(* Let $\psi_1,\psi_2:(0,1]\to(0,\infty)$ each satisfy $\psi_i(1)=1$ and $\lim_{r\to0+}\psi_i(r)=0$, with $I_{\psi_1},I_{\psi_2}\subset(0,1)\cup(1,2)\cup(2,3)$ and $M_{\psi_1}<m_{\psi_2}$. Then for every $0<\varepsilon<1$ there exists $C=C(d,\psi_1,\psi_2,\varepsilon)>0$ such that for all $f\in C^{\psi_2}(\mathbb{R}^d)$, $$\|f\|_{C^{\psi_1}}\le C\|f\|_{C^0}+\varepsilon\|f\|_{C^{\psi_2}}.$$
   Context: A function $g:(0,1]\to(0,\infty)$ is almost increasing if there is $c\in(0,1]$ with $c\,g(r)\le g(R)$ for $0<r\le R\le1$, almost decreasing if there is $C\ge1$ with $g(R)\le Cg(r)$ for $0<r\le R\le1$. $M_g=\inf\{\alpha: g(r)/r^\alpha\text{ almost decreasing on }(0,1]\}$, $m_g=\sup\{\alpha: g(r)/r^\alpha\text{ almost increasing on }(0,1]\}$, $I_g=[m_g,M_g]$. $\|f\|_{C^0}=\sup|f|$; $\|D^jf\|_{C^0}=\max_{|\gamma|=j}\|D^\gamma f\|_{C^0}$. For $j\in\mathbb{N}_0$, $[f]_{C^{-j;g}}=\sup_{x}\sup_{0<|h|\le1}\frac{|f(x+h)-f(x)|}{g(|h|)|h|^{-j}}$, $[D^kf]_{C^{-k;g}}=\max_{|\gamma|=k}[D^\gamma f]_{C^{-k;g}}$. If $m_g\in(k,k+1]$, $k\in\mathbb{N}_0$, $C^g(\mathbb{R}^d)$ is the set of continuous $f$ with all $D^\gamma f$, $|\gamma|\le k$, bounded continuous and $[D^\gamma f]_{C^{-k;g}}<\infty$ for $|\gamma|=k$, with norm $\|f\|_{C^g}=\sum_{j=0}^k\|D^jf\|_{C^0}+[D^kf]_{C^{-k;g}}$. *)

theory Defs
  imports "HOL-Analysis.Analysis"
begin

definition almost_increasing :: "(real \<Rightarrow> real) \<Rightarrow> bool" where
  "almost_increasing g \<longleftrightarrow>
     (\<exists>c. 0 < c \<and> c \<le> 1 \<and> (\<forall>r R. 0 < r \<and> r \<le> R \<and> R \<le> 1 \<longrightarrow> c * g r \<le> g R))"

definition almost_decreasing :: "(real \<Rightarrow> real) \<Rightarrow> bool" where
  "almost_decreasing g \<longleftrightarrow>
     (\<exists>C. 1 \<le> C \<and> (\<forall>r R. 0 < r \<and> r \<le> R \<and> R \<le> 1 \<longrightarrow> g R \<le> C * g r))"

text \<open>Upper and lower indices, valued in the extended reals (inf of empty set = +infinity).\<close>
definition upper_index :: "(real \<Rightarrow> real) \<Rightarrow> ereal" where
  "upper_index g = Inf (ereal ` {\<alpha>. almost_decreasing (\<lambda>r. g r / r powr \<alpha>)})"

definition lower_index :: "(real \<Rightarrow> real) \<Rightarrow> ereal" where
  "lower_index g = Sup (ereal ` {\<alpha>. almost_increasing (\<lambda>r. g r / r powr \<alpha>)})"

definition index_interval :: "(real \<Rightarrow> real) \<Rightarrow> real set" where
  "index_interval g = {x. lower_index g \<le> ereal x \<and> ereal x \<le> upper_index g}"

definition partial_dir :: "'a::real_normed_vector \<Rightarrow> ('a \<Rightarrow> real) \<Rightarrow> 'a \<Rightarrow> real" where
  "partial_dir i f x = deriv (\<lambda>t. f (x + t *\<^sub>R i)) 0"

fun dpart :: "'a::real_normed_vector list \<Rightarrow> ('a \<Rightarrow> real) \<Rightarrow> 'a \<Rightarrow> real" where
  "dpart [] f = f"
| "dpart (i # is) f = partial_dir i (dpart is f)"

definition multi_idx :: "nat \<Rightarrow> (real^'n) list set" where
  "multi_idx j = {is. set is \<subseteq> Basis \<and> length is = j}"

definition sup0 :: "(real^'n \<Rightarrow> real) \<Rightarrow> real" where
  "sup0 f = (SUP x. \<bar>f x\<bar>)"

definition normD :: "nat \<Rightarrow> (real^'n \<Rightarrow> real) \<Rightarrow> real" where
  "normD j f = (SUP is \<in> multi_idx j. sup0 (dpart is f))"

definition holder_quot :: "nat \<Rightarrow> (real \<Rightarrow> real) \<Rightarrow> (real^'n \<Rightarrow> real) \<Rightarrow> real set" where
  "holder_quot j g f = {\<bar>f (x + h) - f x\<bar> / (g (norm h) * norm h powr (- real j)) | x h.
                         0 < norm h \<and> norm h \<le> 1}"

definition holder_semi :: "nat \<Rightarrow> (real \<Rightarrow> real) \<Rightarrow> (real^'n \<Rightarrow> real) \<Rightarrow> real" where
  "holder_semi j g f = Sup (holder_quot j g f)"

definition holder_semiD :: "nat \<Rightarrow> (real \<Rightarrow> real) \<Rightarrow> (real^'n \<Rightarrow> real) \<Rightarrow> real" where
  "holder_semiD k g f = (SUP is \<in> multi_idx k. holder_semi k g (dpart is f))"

WHAT THIS TASK INVOLVES » Each line above with the word "longrightarrow" must be returned.

SOLUTION TO THE PROBLEM »
     (\<exists>c. 0 < c \<and> c \<le> 1 \<and> (\<forall>r R. 0 < r \<and> r \<le> R \<and> R \<le> 1 \<longrightarrow> c * g r \<le> g R))"
     (\<exists>C. 1 \<le> C \<and> (\<forall>r R. 0 < r \<and> r \<le> R \<and> R \<le> 1 \<longrightarrow> g R \<le> C * g r))"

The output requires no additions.